TERREBONNE, Quebec – While Mainers weigh the wisdom of allowing slot machines at harness racing tracks, their neighbors in Quebec seem to have found a way to allow gambling minus the pitfalls of financial losses by unlucky bettors.
Serge Sigouin has set up a business to help himself and other problem gamblers. Housed in a convenience store on a rural highway north of Montreal is Sigouin’s Cafe Mini Casino, a new cashless casino believed to be the first of its kind in Canada.
It started when Sigouin bought his own video slot machine, turned it into a piggy bank of sorts and spent 10 years playing and saving. The countless coins he plunked into the machine helped create the cafe. About 140 problem gamblers, many with their own keys, drop by whenever the mood strikes.
They play one of four video slot machines, or pull up a stool at one of six tables that offer blackjack, poker, roulette or baccarat.
But the only jackpot at this casino comes from the satisfaction players get from knowing their chips and tokens cost them nothing more than the coffee or hamburger on the cafe’s menu.
Maine voters Nov. 4 overwhelmingly rejected a proposal to build a gambling casino in the state, but authorized slot machines at commercial harness racing tracks if voters in the communities where the two tracks are located also approve it.
Proposals to allow slots near Scarborough and Bangor, Maine, are in the midst of local reviews and await state regulatory scrutiny. The proposed slots are much different from what folks play at the Cafe Mini Casino.
For their $1 cup of coffee, a gambler gets 100 credits for the machines or $100 in chips. Likewise, a $3 hamburger results in 200 credits or $200 in chips.
No other money is spent or won, and that’s the way everyone likes it, says Sigouin.
“A gambler is like a baby, you can never take away his toy,” Sigouin said before dealing a few poker hands for three customers on a recent weekday morning.
“A gambler will always gamble because it’s a toy for them. The person who says they’ve quit gambling, in their head they’ve never really quit. They may have stopped because they ran out of money or didn’t want to self-destruct, but if they had the money they would keep going.”
The breaking point for Carol Joly came nine months ago after she had racked up $20,000 in gambling losses.
She tried Gamblers Anonymous but found the program too strict.
“You can’t even bet a coffee just for fun,” Joly said in between poker hands. “It’s black and white. I’m not saying it’s no good, but I didn’t like it.”
Since the cafe opened in June, Joly spends up to 12 hours a day there playing cards and slots.
But unlike her darker days as a problem gambler, she always goes home from the cafe happy.

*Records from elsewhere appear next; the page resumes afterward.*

lemma supp_bij_border:
  assumes v: "v \<notin> W" and w: "w \<notin> W" and pivot: "M v w" and zero: "\<forall>u \<in> W. \<not> M u w"
  shows "bij_betw (\<lambda>g. g(v := w)) (supp_bij M W W) (supp_bij M (insert v W) (insert w W))"
    (is "bij_betw _ _ ?S")
proof (rule bij_betw_byWitness[where f' = "\<lambda>f. restrict f W"])
  note maps_v = supp_bij_maps_pivot[of W M w _ v, OF zero]
  show "\<forall>g \<in> supp_bij M W W. restrict (g(v := w)) W = g"
    using v by (auto simp: supp_bij_def restrict_def extensional_def)
  show "\<forall>f \<in> ?S. (restrict f W)(v := w) = f"
  proof (intro ballI ext)
    fix f u assume "f \<in> ?S"
    then show "((restrict f W)(v := w)) u = f u"
      using maps_v[OF \<open>f \<in> ?S\<close>] by (cases "u = v") (auto simp: supp_bij_def extensional_def)
  qed
  show "(\<lambda>g. g(v := w)) ` supp_bij M W W \<subseteq> ?S"
  proof
    fix f assume "f \<in> (\<lambda>g. g(v := w)) ` supp_bij M W W"
    then obtain g where g: "g \<in> extensional W" "bij_betw g W W" "\<forall>u \<in> W. M u (g u)"
      and f: "f = g(v := w)" unfolding supp_bij_def by auto
    have "bij_betw f W W \<longleftrightarrow> bij_betw g W W" unfolding f using v by (intro bij_betw_cong) auto
    then have "bij_betw f W W" using g(2) by simp
    then have "bij_betw f (insert v W) (insert w W)"
      using notIn_Un_bij_betw[of v W f W] v w unfolding f by simp
    then show "f \<in> ?S"
      using g(1,3) pivot v unfolding f supp_bij_def by (auto simp: extensional_def)
  qed
  show "(\<lambda>f. restrict f W) ` ?S \<subseteq> supp_bij M W W"
  proof
    fix g assume "g \<in> (\<lambda>f. restrict f W) ` ?S"
    then obtain f where f: "f \<in> ?S" and g: "g = restrict f W" by blast
    have "bij_betw f (insert v W - {v}) (insert w W - {w})"
      using f maps_v[OF f] unfolding supp_bij_def by (intro bij_betw_DiffI) auto
    then have "bij_betw f W W" using v w by simp
    moreover have "bij_betw g W W \<longleftrightarrow> bij_betw f W W" unfolding g by (intro bij_betw_cong) simp
    ultimately have "bij_betw g W W" by simp
    then show "g \<in> supp_bij M W W" using f unfolding g supp_bij_def by simp
  qed
qed
(* Consider a series system (so $\phi(s)=1$ if and only if $s_k=1$ for all $k$), with an arbitrary joint prior distribution of the component states and with inspection error rates $\epsilon_{FA},\epsilon_{FS}\in[0,1/2)$ identical for all components. For any two components $c_i,c_j$ with $p_i\ge p_j$, we have $I_i\supseteq I_j$, i.e. $p_{\omega|y_i=1}\le p_{\omega|y_j=1}\le p_{\omega|y_j=0}\le p_{\omega|y_i=0}$, and consequently $\mathrm{VoI}_G(i)\ge\mathrm{VoI}_G(j)$ for every concave function $l^*$. In particular, the most vulnerable component (the one with the highest marginal failure probability) has the highest $\mathrm{VoI}_G$, regardless of $l^*$.
   Context: A system consists of $N$ binary components $c_1,\dots,c_N$ with random joint state $s=(s_1,\dots,s_N)\in\{0,1\}^N$ ($s_k=1$: working; $s_k=0$: failed), with arbitrary prior distribution $p_s$. The system state is $u=\phi(s)$ ($u=0$: system failure), $p_\pi=\mathbb{P}[u=0]$, and $p_k=\mathbb{P}[s_k=0]$ is the marginal failure probability of $c_k$. Inspecting $c_k$ yields a binary observation $y_k$ (alarm $y_k=0$, silence $y_k=1$) which, given $s$, depends only on $s_k$, with $\mathbb{P}[y_k=1\mid s_k=0]=\epsilon_{FS}$ and $\mathbb{P}[y_k=0\mid s_k=1]=\epsilon_{FA}$. Then $h_k=\mathbb{P}[y_k=0]=\epsilon_{FA}+(1-\epsilon_{FA}-\epsilon_{FS})p_k$; posterior system failure probabilities are $p_{\omega|y_k=b}=\mathbb{P}[u=0\mid y_k=b]$ (defined when the conditioning event has positive probability), and $I_k=[p_{\omega|y_k=1},p_{\omega|y_k=0}]$. Global metric: for a concave $l^*:[0,1]\to\mathbb{R}$, $L^G_\pi=l^*(p_\pi)$, $L^G_\omega(k)=h_k\,l^*(p_{\omega|y_k=0})+(1-h_k)\,l^*(p_{\omega|y_k=1})$ (a term with zero probability is omitted), and $\mathrm{VoI}_G(k)=L^G_\pi-L^G_\omega(k)$. *)

theory Defs
  imports "HOL-Probability.Probability"
begin

(* Components are indexed by a finite type 'c (N = CARD('c)).
   A joint state is s :: 'c \<Rightarrow> bool, with s k = True meaning c_k works (s_k = 1).  A structure function
   phi :: ('c \<Rightarrow> bool) \<Rightarrow> bool gives the system state (True = working, u = 1).
   An observation value b :: bool encodes y_k (b = False: alarm y_k = 0; b = True: silence y_k = 1). *)

definition series :: "('c \<Rightarrow> bool) \<Rightarrow> bool" where
  "series s = (\<forall>k. s k)"

(* P[y_k = b | s_k] *)
definition obs_lik :: "real \<Rightarrow> real \<Rightarrow> bool \<Rightarrow> bool \<Rightarrow> real" where
  "obs_lik eFA eFS sk b =
     (if b then (if sk then 1 - eFA else eFS) else (if sk then eFA else 1 - eFS))"
definition gE ::
  "('k::division_ring \<Rightarrow> 'k) \<Rightarrow> ('v::ab_group_add \<Rightarrow> 'k \<Rightarrow> 'v) \<Rightarrow> ('v \<Rightarrow> 'v \<Rightarrow> 'k)
   \<Rightarrow> ('i::linorder \<Rightarrow> 'v) \<Rightarrow> 'v \<Rightarrow> 'v \<Rightarrow> 'k" where
  "gE \<sigma> smul f E x y =
     (let cx = coord smul E x; cy = coord smul E y in
      \<Sum>(i, j)\<in>{(i, j). cx i \<noteq> 0 \<and> cy j \<noteq> 0 \<and> i < j}. \<sigma> (cx i) * f (E i) (E j) * cy j)"

definition deltaEE ::
  "('k::division_ring \<Rightarrow> 'k) \<Rightarrow> ('v::ab_group_add \<Rightarrow> 'k \<Rightarrow> 'v) \<Rightarrow> ('v \<Rightarrow> 'v \<Rightarrow> 'k)
   \<Rightarrow> ('i::linorder \<Rightarrow> 'v) \<Rightarrow> ('i \<Rightarrow> 'v) \<Rightarrow> 'v \<Rightarrow> 'k" where
  "deltaEE \<sigma> smul f E E' x = gE \<sigma> smul f E x x - gE \<sigma> smul f E' x x"

text \<open>V^S = V (+) Sbar: pairs (x, s) with s a representative in S; equality of
  elements of V^S, addition and right scalar multiplication.\<close>
definition VS :: "'k::division_ring set \<Rightarrow> ('v \<times> 'k) set" where
  "VS S = {(x, s). s \<in> S}"

definition VS_eq :: "('k::division_ring \<Rightarrow> 'k) \<Rightarrow> 'k \<Rightarrow> ('v \<times> 'k) \<Rightarrow> ('v \<times> 'k) \<Rightarrow> bool" where
  "VS_eq \<sigma> \<epsilon> v w \<longleftrightarrow> fst v = fst w \<and> mod_eq (Kse \<sigma> \<epsilon>) (snd v) (snd w)"

definition VS_add :: "('v::ab_group_add \<times> 'k::division_ring) \<Rightarrow> ('v \<times> 'k) \<Rightarrow> ('v \<times> 'k)" where
  "VS_add v w = (fst v + fst w, snd v + snd w)"

definition VS_smul ::
  "('k::division_ring \<Rightarrow> 'k) \<Rightarrow> ('v \<Rightarrow> 'k \<Rightarrow> 'v) \<Rightarrow> ('v \<times> 'k) \<Rightarrow> 'k \<Rightarrow> ('v \<times> 'k)" where
  "VS_smul \<sigma> smul v l = (smul (fst v) l, \<sigma> l * snd v * l)"

definition DeltaEE ::
  "('k::division_ring \<Rightarrow> 'k) \<Rightarrow> ('v::ab_group_add \<Rightarrow> 'k \<Rightarrow> 'v) \<Rightarrow> ('v \<Rightarrow> 'v \<Rightarrow> 'k)
   \<Rightarrow> ('k \<Rightarrow> 'k) \<Rightarrow> ('i::linorder \<Rightarrow> 'v) \<Rightarrow> ('i \<Rightarrow> 'v) \<Rightarrow> ('v \<times> 'k) \<Rightarrow> ('v \<times> 'k)" where
  "DeltaEE \<sigma> smul f \<theta> E E' v = (fst v, \<theta> (deltaEE \<sigma> smul f E E' (fst v)) + snd v)"

text \<open>q_E^{S,T}(x + r) = g_E(x,x) + r + Tbar (representative; compare with mod_eq T)\<close>
definition qEST ::
  "('k::division_ring \<Rightarrow> 'k) \<Rightarrow> ('v::ab_group_add \<Rightarrow> 'k \<Rightarrow> 'v) \<Rightarrow> ('v \<Rightarrow> 'v \<Rightarrow> 'k)
   \<Rightarrow> ('i::linorder \<Rightarrow> 'v) \<Rightarrow> ('v \<times> 'k) \<Rightarrow> 'k" where
  "qEST \<sigma> smul f E v = gE \<sigma> smul f E (fst v) (fst v) + snd v"

end

theory Submission
  imports Defs
begin

text \<open>Expanding \<open>q\<close> along a basis \<open>E\<close> of \<open>q\<close>-singular vectors shows that \<open>g_E(x,x)\<close>
  represents \<open>q(x)\<close> modulo \<open>R\<close>, and that \<open>x \<mapsto> g_E(x,x)\<close> is \<open>\<sigma>\<close>-quadratic with polar form
  \<open>f\<close> modulo \<open>K_{\<sigma>,\<epsilon>}\<close>: the diagonal terms vanish because singular vectors of a
  non-trivial \<open>q\<close> are isotropic. Hence \<open>\<delta>_{E,E'}\<close> takes values in \<open>R\<close> and is additive and
  \<open>\<circ>\<close>-semilinear modulo \<open>K_{\<sigma>,\<epsilon>}\<close>, and so is \<open>\<theta> \<circ> \<delta>_{E,E'}\<close>, since a decomposition
  \<open>r = s + t\<close> is unique modulo \<open>S \<inter> T = K_{\<sigma>,\<epsilon>}\<close>. Thus \<open>\<Delta>_{E,E'}\<close> is a linear shear of
  \<open>V \<oplus> S\<close>, inverted by the shear with \<open>-\<theta>\<delta>\<close>, and \<open>q_E - q_{E'} \<circ> \<Delta> = \<delta> - \<theta>\<delta>\<close> lies
  in \<open>T\<close>.\<close>

lemma circ_stable_subgroup_zero: "circ_stable_subgroup \<sigma> \<epsilon> A \<Longrightarrow> 0 \<in> A"
  unfolding circ_stable_subgroup_def by blast

lemma circ_stable_subgroup_add:
  "circ_stable_subgroup \<sigma> \<epsilon> A \<Longrightarrow> a \<in> A \<Longrightarrow> b \<in> A \<Longrightarrow> a + b \<in> A"
  unfolding circ_stable_subgroup_def by blast

lemma circ_stable_subgroup_diff:
  "circ_stable_subgroup \<sigma> \<epsilon> A \<Longrightarrow> a \<in> A \<Longrightarrow> b \<in> A \<Longrightarrow> a - b \<in> A"
  unfolding circ_stable_subgroup_def by (metis diff_conv_add_uminus)

lemma circ_stable_subgroup_circ: "circ_stable_subgroup \<sigma> \<epsilon> A \<Longrightarrow> a \<in> A \<Longrightarrow> \<sigma> l * a * l \<in> A"
  unfolding circ_stable_subgroup_def by blast

lemma circ_stable_subgroup_Kse: "circ_stable_subgroup \<sigma> \<epsilon> A \<Longrightarrow> Kse \<sigma> \<epsilon> \<subseteq> A"
  unfolding circ_stable_subgroup_def by blast

context
  fixes \<sigma> :: "'k::division_ring \<Rightarrow> 'k" and \<epsilon> :: 'k and R S T :: "'k set" and \<theta> :: "'k \<Rightarrow> 'k"
  assumes R: "circ_stable_subgroup \<sigma> \<epsilon> R"
    and S: "circ_stable_subgroup \<sigma> \<epsilon> S" and T: "circ_stable_subgroup \<sigma> \<epsilon> T"
    and ST: "S \<inter> T = Kse \<sigma> \<epsilon>"
    and \<theta>: "\<forall>r\<in>R. \<theta> r \<in> S \<and> r - \<theta> r \<in> T"
begin

lemma projection_unique:
  assumes "a \<in> R" "c \<in> S" "a - c \<in> T"
  shows "\<theta> a - c \<in> Kse \<sigma> \<epsilon>"
proof -
  have "\<theta> a - c \<in> S" using \<theta> assms(1,2) by (blast intro: circ_stable_subgroup_diff[OF S])
  moreover have "\<theta> a - c = (a - c) - (a - \<theta> a)" by (simp add: algebra_simps)
  then have "\<theta> a - c \<in> T" using \<theta> assms(1,3) by (metis circ_stable_subgroup_diff[OF T])
  ultimately show ?thesis using ST by blast
qed

lemma projection_cong:
  assumes "a \<in> R" "b \<in> R" "a - b \<in> Kse \<sigma> \<epsilon>"
  shows "\<theta> a - \<theta> b \<in> Kse \<sigma> \<epsilon>"
proof (rule projection_unique)
  have "a - \<theta> b = (a - b) + (b - \<theta> b)" by simp
  then show "a - \<theta> b \<in> T" using \<theta> assms circ_stable_subgroup_Kse[OF T]
    by (metis circ_stable_subgroup_add[OF T] subsetD)
qed (use \<theta> assms in auto)

lemma projection_add:
  assumes "a \<in> R" "b \<in> R"
  shows "\<theta> (a + b) - (\<theta> a + \<theta> b) \<in> Kse \<sigma> \<epsilon>"
proof (rule projection_unique)
  have "a + b - (\<theta> a + \<theta> b) = (a - \<theta> a) + (b - \<theta> b)" by (simp add: algebra_simps)
  then show "a + b - (\<theta> a + \<theta> b) \<in> T" using \<theta> assms by (metis circ_stable_subgroup_add[OF T])
qed (use \<theta> assms in \<open>auto intro: circ_stable_subgroup_add[OF R] circ_stable_subgroup_add[OF S]\<close>)

lemma projection_circ:
  assumes "a \<in> R"
  shows "\<theta> (\<sigma> l * a * l) - \<sigma> l * \<theta> a * l \<in> Kse \<sigma> \<epsilon>"
proof (rule projection_unique)
  have "\<sigma> l * a * l - \<sigma> l * \<theta> a * l = \<sigma> l * (a - \<theta> a) * l" by (simp add: algebra_simps)
  then show "\<sigma> l * a * l - \<sigma> l * \<theta> a * l \<in> T" using \<theta> assms by (metis circ_stable_subgroup_circ[OF T])
qed (use \<theta> assms in \<open>auto intro: circ_stable_subgroup_circ[OF R] circ_stable_subgroup_circ[OF S]\<close>)

lemma projection_zero: "\<theta> 0 \<in> Kse \<sigma> \<epsilon>"
  using projection_unique[of 0 0] circ_stable_subgroup_zero[OF R] circ_stable_subgroup_zero[OF S]
    circ_stable_subgroup_zero[OF T] by simp

end

locale admissible_sigma =
  fixes \<sigma> :: "'k::division_ring \<Rightarrow> 'k" and \<epsilon> :: 'k
  assumes admissible: "admissible_pair \<sigma> \<epsilon>"
begin

lemma sigma_add: "\<sigma> (a + b) = \<sigma> a + \<sigma> b"
  using admissible by (simp add: admissible_pair_def)

lemma sigma_mult: "\<sigma> (a * b) = \<sigma> b * \<sigma> a"
  using admissible by (simp add: admissible_pair_def)

lemma sigma_sigma: "\<sigma> (\<sigma> t) = \<epsilon> * t * inverse \<epsilon>"
  using admissible by (simp add: admissible_pair_def)

lemma epsilon_nonzero: "\<epsilon> \<noteq> 0"
  using admissible by (auto simp: admissible_pair_def)

lemma sigma_zero [simp]: "\<sigma> 0 = 0"
  using sigma_add[of 0 0] by simp

lemma sigma_one [simp]: "\<sigma> 1 = 1"
proof -
  obtain a where "\<sigma> a = 1" using admissible by (metis admissible_pair_def bij_pointE)
  then show ?thesis using sigma_mult[of a 1] by simp
qed

lemma sigma_minus: "\<sigma> (- a) = - \<sigma> a"
  using sigma_add[of "- a" a] by (simp add: eq_neg_iff_add_eq_0)

lemma sigma_diff: "\<sigma> (a - b) = \<sigma> a - \<sigma> b"
  using sigma_add[of a "- b"] by (simp add: sigma_minus)

lemma sigma_sum: "\<sigma> (sum g A) = (\<Sum>i\<in>A. \<sigma> (g i))"
  by (induction A rule: infinite_finite_induct) (auto simp: sigma_add)

lemma Kse_mem: "a - \<sigma> a * \<epsilon> \<in> Kse \<sigma> \<epsilon>"
  by (auto simp: Kse_def)

lemma VS_eq_iff: "VS_eq \<sigma> \<epsilon> v w \<longleftrightarrow> fst v = fst w \<and> snd v - snd w \<in> Kse \<sigma> \<epsilon>"
  by (simp add: VS_eq_def mod_eq_def)

lemma VS_eq_refl: "VS_eq \<sigma> \<epsilon> v v"
  using Kse_mem[of 0] by (simp add: VS_eq_iff)

lemma Kse_add:
  assumes "a \<in> Kse \<sigma> \<epsilon>" "b \<in> Kse \<sigma> \<epsilon>"
  shows "a + b \<in> Kse \<sigma> \<epsilon>"
proof -
  obtain t u where ab: "a = t - \<sigma> t * \<epsilon>" "b = u - \<sigma> u * \<epsilon>"
    using assms by (auto simp: Kse_def)
  have "a + b = (t + u) - \<sigma> (t + u) * \<epsilon>"
    unfolding ab by (simp add: sigma_add algebra_simps)
  then show ?thesis by (simp add: Kse_mem)
qed

lemma Kse_diff:
  assumes "a \<in> Kse \<sigma> \<epsilon>" "b \<in> Kse \<sigma> \<epsilon>"
  shows "a - b \<in> Kse \<sigma> \<epsilon>"
proof -
  obtain t u where ab: "a = t - \<sigma> t * \<epsilon>" "b = u - \<sigma> u * \<epsilon>"
    using assms by (auto simp: Kse_def)
  have "a - b = (t - u) - \<sigma> (t - u) * \<epsilon>"
    unfolding ab by (simp add: sigma_diff algebra_simps)
  then show ?thesis by (simp add: Kse_mem)
qed

end

locale right_space =
  fixes smul :: "'v::ab_group_add \<Rightarrow> 'k::division_ring \<Rightarrow> 'v"
  assumes vector_space: "right_vector_space smul"
begin

lemma smul_one [simp]: "smul x 1 = x"
  using vector_space by (simp add: right_vector_space_def)

lemma smul_smul: "smul (smul x a) b = smul x (a * b)"
  using vector_space by (simp add: right_vector_space_def)

lemma smul_add_left: "smul (x + y) a = smul x a + smul y a"
  using vector_space by (simp add: right_vector_space_def)

lemma smul_add_right: "smul x (a + b) = smul x a + smul x b"
  using vector_space by (simp add: right_vector_space_def)

lemma smul_zero_right [simp]: "smul x 0 = 0"
  using smul_add_right[of x 0 0] by simp

lemma smul_zero_left [simp]: "smul 0 a = 0"
  using smul_add_left[of 0 0 a] by simp

lemma smul_sum_left: "smul (sum g A) l = (\<Sum>i\<in>A. smul (g i) l)"
  by (induction A rule: infinite_finite_induct) (auto simp: smul_add_left)

definition supp :: "('i \<Rightarrow> 'k) \<Rightarrow> 'i set" where
  "supp c = {i. c i \<noteq> 0}"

“I don’t want to bust the machine, I just want to play,” said Joly. “I come here every day, I spend a little money to eat and drink, I have fun and it costs me nothing.”
Sigouin, whose addiction started as a child playing marbles in the schoolyard and progressed to criminal activity to support his habit, said his primary aim is to help addicts, not make money.
But his cafe differs from traditional gambling treatment programs. It embraces a philosophy of playing for fun and truly understanding the odds rather than quitting cold turkey.
“This is a more sincere approach,” said Sigouin. “What can psychologists and psychiatrists say if they’re not gamblers – ‘Stop playing’? That will do what? I say, “Come here and learn to play and you’ll see that there is no chance against the machines to make your dreams come true.”
While Sigouin readily acknowledges he’s not trying to run an official treatment facility, those experts who are involved in more traditional assistance still question the cafe’s effectiveness in permanently steering gamblers away from real casinos.
“I don’t personally believe in it,” said Claude Bilodeau, a recovering gambling addict who recently founded a treatment center near Montreal.
Bilodeau, who once worked as a male prostitute to pay for his habit, said gamblers must change their behavior by walking away from the games.
“In my opinion it’s still maintaining an illusion,” said Bilodeau. “It could become dangerous because if people feel they’re lucky, it could be an incentive to return to the Montreal casino or video-lottery machines.”